Activity
Go through the records line by line from the top and repeat each one exactly, ending with the line that contains "(\<exists>g :: nat".

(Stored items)
(* Let $(\lambda_m)_{m\in\mathbb{N}_0}$ be real numbers, $\gamma>0$, $f\in C^\infty[x_0,x_0+\gamma]$ complex-valued, and $0<2\delta<\gamma$. Then for every $m\in\mathbb{N}_0$ and all $x\in[x_0,x_0+\delta]$, $$|D^{(2m+1)}f(x)|\le 2\max\left\{\tfrac2\delta,\delta\right\}e^{(|\lambda_{2m}|+|\lambda_{2m+1}|)\delta}\left(\max_{t\in[x_0,x_0+2\delta]}|D^{(2m)}f(t)|+\max_{t\in[x_0,x_0+2\delta]}|D^{(2m+2)}f(t)|\right).$$
   Context: $D^{(n)}f=(\frac{d}{dt}-\lambda_0)\cdots(\frac{d}{dt}-\lambda_{n-1})f$ with $D^{(0)}f=f$ (one-sided derivatives at endpoints). *)

theory Defs
  imports "HOL-Analysis.Analysis"
begin

definition smooth_on_interval :: "real \<Rightarrow> real \<Rightarrow> (real \<Rightarrow> complex) \<Rightarrow> bool" where
  "smooth_on_interval a b f \<longleftrightarrow>
     (\<exists>g :: nat \<Rightarrow> real \<Rightarrow> complex. g 0 = f \<and>
        (\<forall>k. \<forall>x\<in>{a..b}. (g k has_vector_derivative g (Suc k) x) (at x within {a..b})))"

text \<open>Dop lam S n f = (d/dt - lam 0) ((d/dt - lam 1) ( ... (d/dt - lam (n-1)) f)),
  derivatives taken within the set S.\<close>
fun Dop :: "(nat \<Rightarrow> real) \<Rightarrow> real set \<Rightarrow> nat \<Rightarrow> (real \<Rightarrow> complex) \<Rightarrow> real \<Rightarrow> complex" where
  "Dop lam S 0 f = f"
| "Dop lam S (Suc n) f =
     (\<lambda>x. vector_derivative (Dop (\<lambda>k. lam (Suc k)) S n f) (at x within S)
          - complex_of_real (lam 0) * Dop (\<lambda>k. lam (Suc k)) S n f x)"

end

theory Submission
  imports Defs
begin

(* Write D = d/dt and L_c h = D h - c h, so that D^(n) f = L_(lam 0) ... L_(lam (n-1)) f.
   Put u = D^(2m) f, v = D^(2m+1) f, w = D^(2m+2) f, a = lam (2m), b = lam (2m+1).  Because the
   operators L_c have constant coefficients they commute, hence v = L_a u and w = L_b v, i.e.
   u' = v + a u and v' = w + b v.  On the window [x, x+d] (d = delta) one then extracts v(x)
   from the integrating-factor primitive P = rho u (with rho' = -a rho), whose derivative is
   rho v: since e^(-b(t-x)) v(t) stays within W (t-x) (1 + e^(-b(t-x))) of v(x), the function
   P - v(x) K, with K the primitive of k = rho e^(b(t-x)), varies slowly, and comparing its
   values at both endpoints bounds |v(x)| K(x+d) by 2 sup|u| plus a multiple of sup|w|. *)

definition derivative_tower :: "real set \<Rightarrow> (nat \<Rightarrow> real \<Rightarrow> complex) \<Rightarrow> bool" where
  "derivative_tower S g \<longleftrightarrow> (\<forall>k. \<forall>x\<in>S. (g k has_vector_derivative g (Suc k) x) (at x within S))"

(* h is C-infinity on S: it agrees on S with the base of a derivative tower.  Only the values
   on S matter, which is what makes the operators below well behaved. *)
definition smooth_within :: "real set \<Rightarrow> (real \<Rightarrow> complex) \<Rightarrow> bool" where
  "smooth_within S h \<longleftrightarrow> (\<exists>g. derivative_tower S g \<and> (\<forall>x\<in>S. g 0 x = h x))"

definition shifted_deriv :: "real set \<Rightarrow> real \<Rightarrow> (real \<Rightarrow> complex) \<Rightarrow> real \<Rightarrow> complex" where
  "shifted_deriv S c h = (\<lambda>x. vector_derivative h (at x within S) - of_real c * h x)"

lemma Dop_Suc_shifted:
  "Dop lam S (Suc n) f = shifted_deriv S (lam 0) (Dop (\<lambda>k. lam (Suc k)) S n f)"
  by (simp add: shifted_deriv_def)

lemma shifted_deriv_cong:
  assumes "\<And>y. y \<in> S \<Longrightarrow> F y = G y" "x \<in> S"
  shows "shifted_deriv S c F x = shifted_deriv S c G x"
proof -
  have "vector_derivative F (at x within S) = vector_derivative G (at x within S)"
    using assms by (intro vector_derivative_cong_eq always_eventually) auto
  then show ?thesis using assms by (simp add: shifted_deriv_def)
qed

lemma derivative_tower_shifted:
  assumes "derivative_tower S g"
  shows "derivative_tower S (\<lambda>k x. g (Suc k) x - of_real c * g k x)"
  using assms unfolding derivative_tower_def
  by (auto intro!: has_vector_derivative_diff has_vector_derivative_mult_right)

lemma derivative_tower_vector_derivative:
  assumes "a < b" "derivative_tower {a..b} g" "\<And>y. y \<in> {a..b} \<Longrightarrow> g 0 y = h y" "x \<in> {a..b}"
  shows "(h has_vector_derivative g 1 x) (at x within {a..b})"
    and "vector_derivative h (at x within {a..b}) = g 1 x"
proof -
  have tower: "(g 0 has_vector_derivative g 1 x) (at x within {a..b})"
    using assms(2,4) unfolding derivative_tower_def by simp
  show *: "(h has_vector_derivative g 1 x) (at x within {a..b})"
    using has_vector_derivative_transform[OF assms(4) _ tower, of h] assms(3) by simp
  show "vector_derivative h (at x within {a..b}) = g 1 x"
    using vector_derivative_within_closed_interval[OF assms(1,4) *] .
qed

lemma shifted_deriv_tower:
  assumes "a < b" "derivative_tower {a..b} g" "\<And>y. y \<in> {a..b} \<Longrightarrow> g 0 y = h y" "x \<in> {a..b}"
  shows "shifted_deriv {a..b} c h x = g 1 x - of_real c * g 0 x"
  using derivative_tower_vector_derivative(2)[OF assms] assms(3,4) by (simp add: shifted_deriv_def)

lemma smooth_within_shifted_deriv:
  assumes "a < b" "smooth_within {a..b} h"
  shows "smooth_within {a..b} (shifted_deriv {a..b} c h)"
proof -
  obtain g where g: "derivative_tower {a..b} g" "\<And>y. y \<in> {a..b} \<Longrightarrow> g 0 y = h y"
    using assms(2) unfolding smooth_within_def by blast
  show ?thesis
    unfolding smooth_within_def
    using derivative_tower_shifted[OF g(1), of c] shifted_deriv_tower[OF assms(1) g, of _ c]
    by (intro exI[of _ "\<lambda>k x. g (Suc k) x - of_real c * g k x"]) simp
qed

(* Constant coefficient operators commute: L_c L_e h = L_e L_c h for smooth h; both sides
   equal h'' - (c + e) h' + c e h. *)
lemma shifted_deriv_commute:
  assumes "a < b" "smooth_within {a..b} h" "x \<in> {a..b}"
  shows "shifted_deriv {a..b} c (shifted_deriv {a..b} e h) x
       = shifted_deriv {a..b} e (shifted_deriv {a..b} c h) x"
proof -
  obtain g where g: "derivative_tower {a..b} g" "\<And>y. y \<in> {a..b} \<Longrightarrow> g 0 y = h y"
    using assms(2) unfolding smooth_within_def by blast
  have twice: "shifted_deriv {a..b} p (shifted_deriv {a..b} q h) x
      = g 2 x - of_real q * g 1 x - of_real p * (g 1 x - of_real q * g 0 x)" for p q
  proof -
    define gq where "gq = (\<lambda>k x. g (Suc k) x - of_real q * g k x)"
    have "derivative_tower {a..b} gq"
      unfolding gq_def by (rule derivative_tower_shifted[OF g(1)])
    moreover have "\<And>y. y \<in> {a..b} \<Longrightarrow> gq 0 y = shifted_deriv {a..b} q h y"
      using shifted_deriv_tower[OF assms(1) g] by (simp add: gq_def)
    ultimately show ?thesis
      using shifted_deriv_tower[OF assms(1) _ _ assms(3), of gq] shifted_deriv_tower[OF assms(1) g assms(3)]
      by (simp add: gq_def numeral_2_eq_2)
  qed
  show ?thesis unfolding twice[of c e] twice[of e c] by (simp add: algebra_simps)
qed

lemma smooth_within_has_vector_derivative:
  assumes "a < b" "smooth_within {a..b} h" "x \<in> {a..b}"
  shows "(h has_vector_derivative vector_derivative h (at x within {a..b})) (at x within {a..b})"
proof -
  obtain g where g: "derivative_tower {a..b} g" "\<And>y. y \<in> {a..b} \<Longrightarrow> g 0 y = h y"
    using assms(2) unfolding smooth_within_def by blast
  show ?thesis
    using derivative_tower_vector_derivative[OF assms(1) g assms(3)] by simp
qed

lemma smooth_within_continuous_on:
  assumes "a < b" "smooth_within {a..b} h"
  shows "continuous_on {a..b} h"
  using smooth_within_has_vector_derivative[OF assms] by (rule continuous_on_vector_derivative)

lemma smooth_within_Dop:
  assumes "a < b" "smooth_within {a..b} f"
  shows "smooth_within {a..b} (Dop lam {a..b} n f)"
proof (induction n arbitrary: lam)
  case 0
  show ?case using assms(2) by simp
next
  case (Suc n)
  show ?case
    unfolding Dop_Suc_shifted by (rule smooth_within_shifted_deriv[OF assms(1) Suc.IH])
qed

(* Peeling off the innermost factor instead: D^(n+1) f = L_(lam n) D^(n) f.  This follows by
   induction, commuting the outermost factor L_(lam 0) past the newly exposed one. *)
lemma Dop_Suc_last:
  assumes "a < b" "smooth_within {a..b} f" "x \<in> {a..b}"
  shows "Dop lam {a..b} (Suc n) f x = shifted_deriv {a..b} (lam n) (Dop lam {a..b} n f) x"
  using assms(3)
proof (induction n arbitrary: lam x)
  case 0
  show ?case by (simp add: shifted_deriv_def)
next
  case (Suc n)
  let ?S = "{a..b}" and ?l = "\<lambda>k. lam (Suc k)"
  have "Dop lam ?S (Suc (Suc n)) f x = shifted_deriv ?S (lam 0) (Dop ?l ?S (Suc n) f) x"
    by (simp only: Dop_Suc_shifted)
  also have "\<dots> = shifted_deriv ?S (lam 0) (shifted_deriv ?S (lam (Suc n)) (Dop ?l ?S n f)) x"
    using Suc.IH[of _ ?l] by (intro shifted_deriv_cong Suc.prems) simp
  also have "\<dots> = shifted_deriv ?S (lam (Suc n)) (shifted_deriv ?S (lam 0) (Dop ?l ?S n f)) x"
    by (rule shifted_deriv_commute[OF assms(1) smooth_within_Dop[OF assms(1,2)] Suc.prems])
  also have "\<dots> = shifted_deriv ?S (lam (Suc n)) (Dop lam ?S (Suc n) f) x"
    by (simp only: Dop_Suc_shifted)
  finally show ?case .
qed

lemma Dop_has_vector_derivative:
  assumes "a < b" "smooth_within {a..b} f" "x \<in> {a..b}"
  shows "(Dop lam {a..b} n f has_vector_derivative
           Dop lam {a..b} (Suc n) f x + of_real (lam n) * Dop lam {a..b} n f x) (at x within {a..b})"
  using smooth_within_has_vector_derivative[OF assms(1) smooth_within_Dop[OF assms(1,2)] assms(3)]
    Dop_Suc_last[OF assms] by (simp add: shifted_deriv_def)

lemma norm_le_SUP_compact:
  fixes h :: "'a::topological_space \<Rightarrow> 'b::real_normed_vector"
  assumes "continuous_on K h" "compact K" "s \<in> K"
  shows "norm (h s) \<le> (SUP t\<in>K. norm (h t))"
proof -
  have "compact ((\<lambda>t. norm (h t)) ` K)"
    using assms(1,2) by (intro compact_continuous_image continuous_intros)
  then have "bdd_above ((\<lambda>t. norm (h t)) ` K)"
    by (intro bounded_imp_bdd_above compact_imp_bounded)
  then show ?thesis using assms(3) by (intro cSUP_upper)
qed

lemma mean_value_inequality_within:
  fixes F :: "real \<Rightarrow> 'a::real_normed_vector" and \<phi> :: "real \<Rightarrow> real"
  assumes "p \<le> q"
    and F': "\<And>t. t \<in> {p..q} \<Longrightarrow> (F has_vector_derivative F' t) (at t within {p..q})"
    and \<phi>': "\<And>t. t \<in> {p..q} \<Longrightarrow> (\<phi> has_real_derivative \<phi>' t) (at t within {p..q})"
    and bound: "\<And>t. t \<in> {p..q} \<Longrightarrow> norm (F' t) \<le> \<phi>' t"
  shows "norm (F q - F p) \<le> \<phi> q - \<phi> p"
proof (cases "p = q")
  case True
  then show ?thesis by simp
next
  case False
  with assms(1) have "p < q" by simp
  have interior: "at t within {p..q} = at t" if "p < t" "t < q" for t
    using that by (intro at_within_Icc_at) auto
  show ?thesis
  proof (rule differentiable_bound_general[OF \<open>p < q\<close>])
    show "continuous_on {p..q} F" using F' by (rule continuous_on_vector_derivative)
    show "continuous_on {p..q} \<phi>" using \<phi>' by (rule DERIV_continuous_on)
    fix t assume t: "p < t" "t < q"
    then show "(F has_vector_derivative F' t) (at t)"
      using F'[of t] interior[OF t] by simp
    show "(\<phi> has_vector_derivative \<phi>' t) (at t)"
      using \<phi>'[of t] interior[OF t] t by (simp add: has_real_derivative_iff_has_vector_derivative)
    show "norm (F' t) \<le> \<phi>' t" using bound t by simp
  qed
qed

lemma exp_between_le:
  fixes b s t :: real
  assumes "0 \<le> s" "s \<le> t"
  shows "exp (b * s) \<le> 1 + exp (b * t)"
proof (cases "b \<le> 0")
  case True
  then have "exp (b * s) \<le> 1" using assms by (simp add: mult_nonpos_nonneg)
  then show ?thesis by (smt (verit) exp_gt_zero)
next
  case False
  then have "exp (b * s) \<le> exp (b * t)" using assms by (simp add: mult_left_mono)
  then show ?thesis by (smt (verit) exp_gt_zero)
qed

(* If v' = w + b v and |w| <= W, then e^(-b(t-x)) v(t) stays close to v(x): its derivative is
   e^(-b(s-x)) w(s), and the weight never exceeds 1 + e^(-b(t-x)). *)
lemma exp_weighted_growth:
  fixes v w :: "real \<Rightarrow> complex"
  assumes "x \<le> t" "t \<le> y"
    and dv: "\<And>s. s \<in> {x..y} \<Longrightarrow> (v has_vector_derivative w s + of_real b * v s) (at s within {x..y})"
    and wW: "\<And>s. s \<in> {x..y} \<Longrightarrow> cmod (w s) \<le> W"
  shows "cmod (of_real (exp (-b * (t - x))) * v t - v x) \<le> W * (1 + exp (-b * (t - x))) * (t - x)"
proof -
  define Q where "Q s = of_real (exp (-b * (s - x))) * v s" for s
  define C where "C = W * (1 + exp (-b * (t - x)))"
  have "norm (Q t - Q x) \<le> C * t - C * x"
  proof (rule mean_value_inequality_within[OF assms(1)])
    fix s assume s: "s \<in> {x..t}"
    then have "(v has_vector_derivative w s + of_real b * v s) (at s within {x..t})"
      using dv[of s] assms(2) by (auto intro: has_vector_derivative_within_subset)
    then show "(Q has_vector_derivative of_real (exp (-b * (s - x))) * w s) (at s within {x..t})"
      unfolding Q_def
      by (auto intro!: derivative_eq_intros elim!: has_vector_derivative_eq_rhs simp: algebra_simps)
    show "((\<lambda>s. C * s) has_real_derivative C) (at s within {x..t})"
      by (auto intro!: derivative_eq_intros)
    have "exp (-b * (s - x)) \<le> 1 + exp (-b * (t - x))"
      using s by (intro exp_between_le) auto
    moreover have "cmod (w s) \<le> W" using s assms(2) wW by simp
    ultimately show "norm (of_real (exp (-b * (s - x))) * w s) \<le> C"
      unfolding C_def norm_mult by (simp add: mult_mono' mult.commute)
  qed
  then show ?thesis by (simp add: Q_def C_def algebra_simps)
qed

The completed task
(* Let $(\lambda_m)_{m\in\mathbb{N}_0}$ be real numbers, $\gamma>0$, $f\in C^\infty[x_0,x_0+\gamma]$ complex-valued, and $0<2\delta<\gamma$. Then for every $m\in\mathbb{N}_0$ and all $x\in[x_0,x_0+\delta]$, $$|D^{(2m+1)}f(x)|\le 2\max\left\{\tfrac2\delta,\delta\right\}e^{(|\lambda_{2m}|+|\lambda_{2m+1}|)\delta}\left(\max_{t\in[x_0,x_0+2\delta]}|D^{(2m)}f(t)|+\max_{t\in[x_0,x_0+2\delta]}|D^{(2m+2)}f(t)|\right).$$
   Context: $D^{(n)}f=(\frac{d}{dt}-\lambda_0)\cdots(\frac{d}{dt}-\lambda_{n-1})f$ with $D^{(0)}f=f$ (one-sided derivatives at endpoints). *)

theory Defs
  imports "HOL-Analysis.Analysis"
begin

definition smooth_on_interval :: "real \<Rightarrow> real \<Rightarrow> (real \<Rightarrow> complex) \<Rightarrow> bool" where
  "smooth_on_interval a b f \<longleftrightarrow>
     (\<exists>g :: nat \<Rightarrow> real \<Rightarrow> complex. g 0 = f \<and>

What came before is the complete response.